Según San Gregorio el Magno, la vida contemplativa y la vida eterna
no son dos cosas diferentes, sino una sola realidad; una es la aurora, la otra
el mediodía. La vida contemplativa es el principio de la dicha eterna, su
saboreo anticipado. Que la Reina del cielo nos conceda, pues, la gracia de
comprender el estrecho vínculo que une esas dos vidas para vivir aquí
abajo como si estuviéramos ya en el cielo.
Un alma interior es un alma que ha encontrado a Dios en el fondo de
su corazón y que vive siempre con Él.
Dios está en el fondo del alma, pero está allí escondido. La vida
interior es como una eclosión de Dios en el alma.

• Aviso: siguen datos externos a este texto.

(* Haechi (described in the context) provides finalization fairness for a sharded system: for any order-sensitive contract $\epsilon$ and any two transactions $TX^1_{\mapsto\epsilon_1}$, $TX^2_{\mapsto\epsilon_2}$ with $\epsilon\in\Upsilon(TX^1_{\mapsto\epsilon_1})\cap\Upsilon(TX^2_{\mapsto\epsilon_2})$, if $TX^1_{\mapsto\epsilon_1}\prec_{\mathbf P} TX^2_{\mapsto\epsilon_2}$ then $TX^1_{\mapsto\epsilon_1}\prec_{\mathbf E} TX^2_{\mapsto\epsilon_2}$.
   Context: Setting. A sharded blockchain has shards $S_1,\dots,S_m$, each running a BFT consensus with fewer than one third Byzantine nodes, plus a beacon shard $S_0$ maintaining a beacon chain. Shard $S_i$ maintains a chain $SC_i$, $SC_i^h$ being its block at height $h$; each block carries a publicly verifiable block timestamp $f_{bt}(\cdot)$, strictly increasing with height within a shard; $f_{idx}(\cdot)$ gives a transaction's index in its block. $TX_{\mapsto\epsilon}$ denotes a transaction calling contract $\epsilon$; $\Upsilon(TX_{\mapsto\epsilon})$ is the set of contracts called when executing $\epsilon$, and $TX_{\mapsto\epsilon,\epsilon_k}$ the sub-transaction calling $\epsilon_k$. Processing order: $TX^1\prec_{\mathbf P}TX^2$ if (i) both are in the same block and $f_{idx}(TX^1)<f_{idx}(TX^2)$, or (ii) $TX^1\in SC_i^m$, $TX^2\in SC_i^n$ with $m<n$, or (iii) $TX^1\in SC_i^m$, $TX^2\in SC_j^n$ with $f_{bt}(SC_i^m)<f_{bt}(SC_j^n)$. Execution order: $TX^1_{\mapsto\epsilon_1}\prec_{\mathbf E}TX^2_{\mapsto\epsilon_2}$ if for every $\epsilon_k\in\Upsilon(TX^1_{\mapsto\epsilon_1})\cap\Upsilon(TX^2_{\mapsto\epsilon_2})$ the sub-transaction $TX^1_{\mapsto\epsilon_1,\epsilon_k}$ is executed before $TX^2_{\mapsto\epsilon_2,\epsilon_k}$. Haechi protocol for order-sensitive-contract transactions (OTXs): (1) Processing: a sender shard processes an OTX (e.g. withdraws the sender's funds) in a block, and for each block at height $h$ sends the beacon chain a certified CrossLink $\langle blockTS, L_{tx}, i, h\rangle$ containing the block's valid new OTXs in block order. (2) Ordering: the beacon chain keeps, for each shard $i$, a sequence $shardCLs[i]$ of received CrossLinks of consecutive heights (out-of-order ones buffered), and $shardLastTS[i]$, the timestamp of its last element; once all $shardCLs[i]$ are nonempty, it selects the CrossLinks with $blockTS\le\min_i shardLastTS[i]$ and orders their OTXs by block timestamp, then by index in the CrossLink, agreeing on this via BFT consensus, and sends to each contract shard the ordered list of OTXs calling its contracts. (3) Execution: contract shards execute the called contracts in the received order. (4) Commitment: the sender shard commits or aborts each OTX based on execution results and notifies involved shards. *)

theory Defs
  imports Complex_Main
begin

text \<open>
Sender shards are 1..m.  blk i h is the list L_tx of valid new OTXs of block SC_i^h
(in block order, so list position order = f_idx order); ts i h = f_bt(SC_i^h).
A position is a triple (i, h, k): shard, height, index in the block.
\<close>

definition valid_pos :: "nat \<Rightarrow> (nat \<Rightarrow> nat \<Rightarrow> 'tx list) \<Rightarrow> nat \<times> nat \<times> nat \<Rightarrow> bool" where
  "valid_pos m blk p = (case p of (i, h, k) \<Rightarrow> 1 \<le> i \<and> i \<le> m \<and> k < length (blk i h))"

definition tx_at :: "(nat \<Rightarrow> nat \<Rightarrow> 'tx list) \<Rightarrow> nat \<times> nat \<times> nat \<Rightarrow> 'tx" where
  "tx_at blk p = (case p of (i, h, k) \<Rightarrow> blk i h ! k)"

definition unique_positions :: "nat \<Rightarrow> (nat \<Rightarrow> nat \<Rightarrow> 'tx list) \<Rightarrow> bool" where
  "unique_positions m blk = (\<forall>p q. valid_pos m blk p \<and> valid_pos m blk q \<and> tx_at blk p = tx_at blk q \<longrightarrow> p = q)"

definition proc_before :: "nat \<Rightarrow> (nat \<Rightarrow> nat \<Rightarrow> real) \<Rightarrow> (nat \<Rightarrow> nat \<Rightarrow> 'tx list) \<Rightarrow> 'tx \<Rightarrow> 'tx \<Rightarrow> bool" where
  "proc_before m ts blk tx1 tx2 =
     (\<exists>i h k j h' k'. valid_pos m blk (i, h, k) \<and> valid_pos m blk (j, h', k') \<and>
        tx_at blk (i, h, k) = tx1 \<and> tx_at blk (j, h', k') = tx2 \<and>
        ((i = j \<and> h = h' \<and> k < k') \<or> (i = j \<and> h < h') \<or> ts i h < ts j h'))"

text \<open>Beacon chain: at round r it has received CrossLinks of heights 0..<n r i of each shard i
(consecutive heights; nonempty). Threshold = min_i shardLastTS[i].\<close>
definition threshold :: "nat \<Rightarrow> (nat \<Rightarrow> nat \<Rightarrow> real) \<Rightarrow> (nat \<Rightarrow> nat \<Rightarrow> nat) \<Rightarrow> nat \<Rightarrow> real" where
  "threshold m ts n r = Min ((\<lambda>i. ts i (n r i - 1)) ` {1..m})"

definition eligible :: "nat \<Rightarrow> (nat \<Rightarrow> nat \<Rightarrow> real) \<Rightarrow> (nat \<Rightarrow> nat \<Rightarrow> nat) \<Rightarrow> nat \<Rightarrow> (nat \<times> nat) set" where
  "eligible m ts n r = {(i, h). 1 \<le> i \<and> i \<le> m \<and> h < n r i \<and> ts i h \<le> threshold m ts n r}"

definition selected :: "nat \<Rightarrow> (nat \<Rightarrow> nat \<Rightarrow> real) \<Rightarrow> (nat \<Rightarrow> nat \<Rightarrow> nat) \<Rightarrow> nat \<Rightarrow> (nat \<times> nat) set" where
  "selected m ts n r = eligible m ts n r - (\<Union>r'<r. eligible m ts n r')"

Mantengámonos en el centro de nuestra alma, en ese punto preciso
desde el que podemos vigilar todos sus movimientos, para detenerlos o
dirigirlos, según los casos. Vivamos o de Dios o para Dios, pero
repitámonos que no se obra del todo para Dios sino cuando ya no se hace
absolutamente nada para uno mismo. Se obra entonces porque Dios lo
quiere, cuando Él quiere y como Él quiere, por estar siempre unidos en el
fondo con Aquel de quien uno no es más que un dichoso instrumento.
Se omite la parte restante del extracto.